I am the woman with the issue of blood. Except I am the woman with the issue of doubt. I am the woman with the issue of sin, with the issue of flesh, with the issue of forgetfulness. I am a woman who wants to snap my arms shut and protect, fold my arms tight around this chest to guard my heart that is still so raw and exposed from being broken. I want to gather these children to myself and shelter them from the ugly hurt of this world.
But I can’t fold my arms and simultaneously reach out for my Savior. I reach for Him and I have no choice but to fling my arms wide again. I reach for Betty’s hand and I know, just like that woman, I must seek Him. I must know Him. “If only I touch His cloak…”
And do you know what? He isn’t out of reach. I stretch out my arm and I realize that He is right here, just two steps in front of me, clearing the way. The sweet promises of Isaiah flood my mind, “His robe filled the temple.” I reach and I feel that His hem is wide, enough for me and for you and today and tomorrow. Enough to fill and enough to overflow.
Some time last week in the too-early hours of the morning, I asked God why He allowed me to believe so strongly that Katherine would live when she wasn’t actually going to. I can usually get a pretty good sense for those things. It is hard for me to think that My Father saw me in my hope, He knew I was believing, and He simultaneously knew the ending. I think He answered that He gave me the grace to believe that she would live so that in her final days she would feel hope and high spirits all around her, so that she would feel that she was fought for and that she was worth the fight. She was worth it.
Its His message to us on the cross and it is His message to the woman with the issue of blood as He stoops down to look into her eyes, to speak to her, to meet her need: “You are worth it.” And I want it to be my message to these hurting that He brings into our lives: You, you are worth it. We are for you. He is for you.
I want my life to be found in chasing after Him and I want my arms to be filled, not just reaching for, but gathering in the hem of Jesus. His robe fills the temple. His glory fills the earth. I want my arms to be filled with gathering His grace, His love, His goodness. I want to follow Him wherever He is going and be so full of Him that He is overflowing out of my arms, out of my very life. Even when it means reaching out my hand with a smile to a situation that might hurt, will hurt.  He gave me the grace to hope. And so I am asking that He would give more grace, again, even if it is harder to grasp this time. Grace to feel joy and grace to hope for life and grace to fight hard, because people are worth the fight. Grace to have arms so filled with Him that they have to remain open, and that He spills out.

Sunday, April 14, 2013

John 1:4-5
(4)  In Him was life, and the life was the light of men.
(5)  And the light shines in the darkness, and the darkness did not overtake it.

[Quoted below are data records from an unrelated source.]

lemma cyc_antimonotoneI:
  assumes "\<And>c0 cs cl gs. c0 \<in> A0 \<Longrightarrow> cl \<in> A0 \<Longrightarrow> set cs \<subseteq> A0 \<Longrightarrow> set gs \<subseteq> F0 \<Longrightarrow>
    length gs = Suc (length cs) \<Longrightarrow>
    Phi (snd (bprod la ra (interleave (c0 # cs @ [cl]) gs))) =
      phi (c0 * cl) * prod_list (map phi cs) * Phi (fprod gs)"
  shows "cyc_antimonotone phi la ra Phi A0 F0"
  unfolding cyc_antimonotone_def
proof (intro allI impI)
  fix n cs' gs
  assume a: "1 \<le> n \<and> length cs' = n + 1 \<and> length gs = n \<and> set cs' \<subseteq> A0 \<and> set gs \<subseteq> F0"
  then obtain c0 rest where "cs' = c0 # rest" "rest \<noteq> []"
    by (cases cs') force+
  then obtain cs cl where cs': "cs' = c0 # cs @ [cl]"
    by (metis rev_exhaust)
  have n: "n = Suc (length cs)" using a cs' by simp
  have "Phi (snd (bprod la ra (interleave cs' gs))) =
      phi (c0 * cl) * prod_list (map phi cs) * Phi (fprod gs)"
    using assms a unfolding cs' n by simp
  then show "Phi (snd (bprod la ra (interleave cs' gs))) =
      phi (cs' ! 0 * cs' ! n) * (\<Prod>l\<in>{1..n - 1}. phi (cs' ! l)) * Phi (fprod gs)"
    unfolding cs' n diff_Suc_1 prod_interior_nth nth_Cons_0 nth_Cons_Suc nth_append_length .
qed

end

section \<open>Families of subalgebras of \<open>A\<close>-type and \<open>F\<close>-type\<close>

locale B'_family = ncps_B'_space sa phi sf la ra Phi
  for sa :: "complex \<Rightarrow> 'a::ring_1 \<Rightarrow> 'a" and phi and sf :: "complex \<Rightarrow> 'f::ring \<Rightarrow> 'f"
    and la ra Phi +
  fixes KA :: "'k set" and KF :: "'k set" and Bf :: "'k \<Rightarrow> ('a \<times> 'f) set"
    and AA :: "'a set" and GG :: "'f set"
  assumes labels_disjoint: "KA \<inter> KF = {}"
    and subalgebras: "\<forall>k \<in> KA \<union> KF. subalgB (Bf k)"
    and A_labels: "\<forall>k\<in>KA. \<forall>b\<in>Bf k. snd b = 0 \<and> fst b \<in> AA"
    and F_labels: "\<forall>k\<in>KF. \<forall>b\<in>Bf k. phi\<^sub>B b = 0 \<longrightarrow> fst b = 0 \<and> snd b \<in> GG"
    and AA_one: "1 \<in> AA" and AA_mult: "\<forall>x\<in>AA. \<forall>y\<in>AA. x * y \<in> AA"
    and GG_mult: "\<forall>x\<in>GG. \<forall>y\<in>GG. x * y \<in> GG"
    and AA_generated: "\<forall>c\<in>AA. (c, 0) \<in> genB KA Bf"
    and GG_generated: "\<forall>g\<in>GG. (0, g) \<in> genB KF Bf"
begin

lemma subalgebras_A: "\<forall>k\<in>KA. subalgB (Bf k)"
  and subalgebras_F: "\<forall>k\<in>KF. subalgB (Bf k)"
  using subalgebras by simp_all

lemma A_letter:
  "centered_word (KA \<union> KF) Bf ws \<Longrightarrow> p \<in> set ws \<Longrightarrow> fst p \<in> KA \<Longrightarrow> snd (snd p) = 0 \<and> fst (snd p) \<in> AA"
  using A_labels by (auto simp: centered_word_def)

lemma F_letter:
  "centered_word (KA \<union> KF) Bf ws \<Longrightarrow> p \<in> set ws \<Longrightarrow> fst p \<in> KF \<Longrightarrow> fst (snd p) = 0 \<and> snd (snd p) \<in> GG"
  using F_labels by (auto simp: centered_word_def)

lemma centered_word_A_F_A:
  assumes u: "centered_word KA Bf u" and G: "centered_word KF Bf G" "G \<noteq> []"
    and v: "centered_word KA Bf v"
  shows "centered_word (KA \<union> KF) Bf (u @ G @ v)"
proof -
  have "fst (hd G) \<in> KF" "fst (last G) \<in> KF"
    using G centered_word_labels hd_in_set last_in_set by blast+
  moreover have "u \<noteq> [] \<Longrightarrow> fst (last u) \<in> KA" "v \<noteq> [] \<Longrightarrow> fst (hd v) \<in> KA"
    using centered_word_labels[OF u] centered_word_labels[OF v] hd_in_set last_in_set by blast+
  ultimately show ?thesis
    using u v G labels_disjoint
    by (auto simp: centered_word_append intro: centered_word_mono)
qed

 As Spring brings forth new life, as will the light of all men. Jesus is the light of life. May our Lord shine through our live this Spring, so that darkness maybe conquered. Life is not defined in years, but by action. Shine as if this day were your last. Tomorrow will come fast enough. 

Saturday, March 16, 2013

Watch the Lamb



 Easter is quickly approaching. The Lamb who takes away the sins of the word will be celebrated around the world. May we truly worship the One who made all things possible. Jesus gave us everything, may our lives be hidden with His.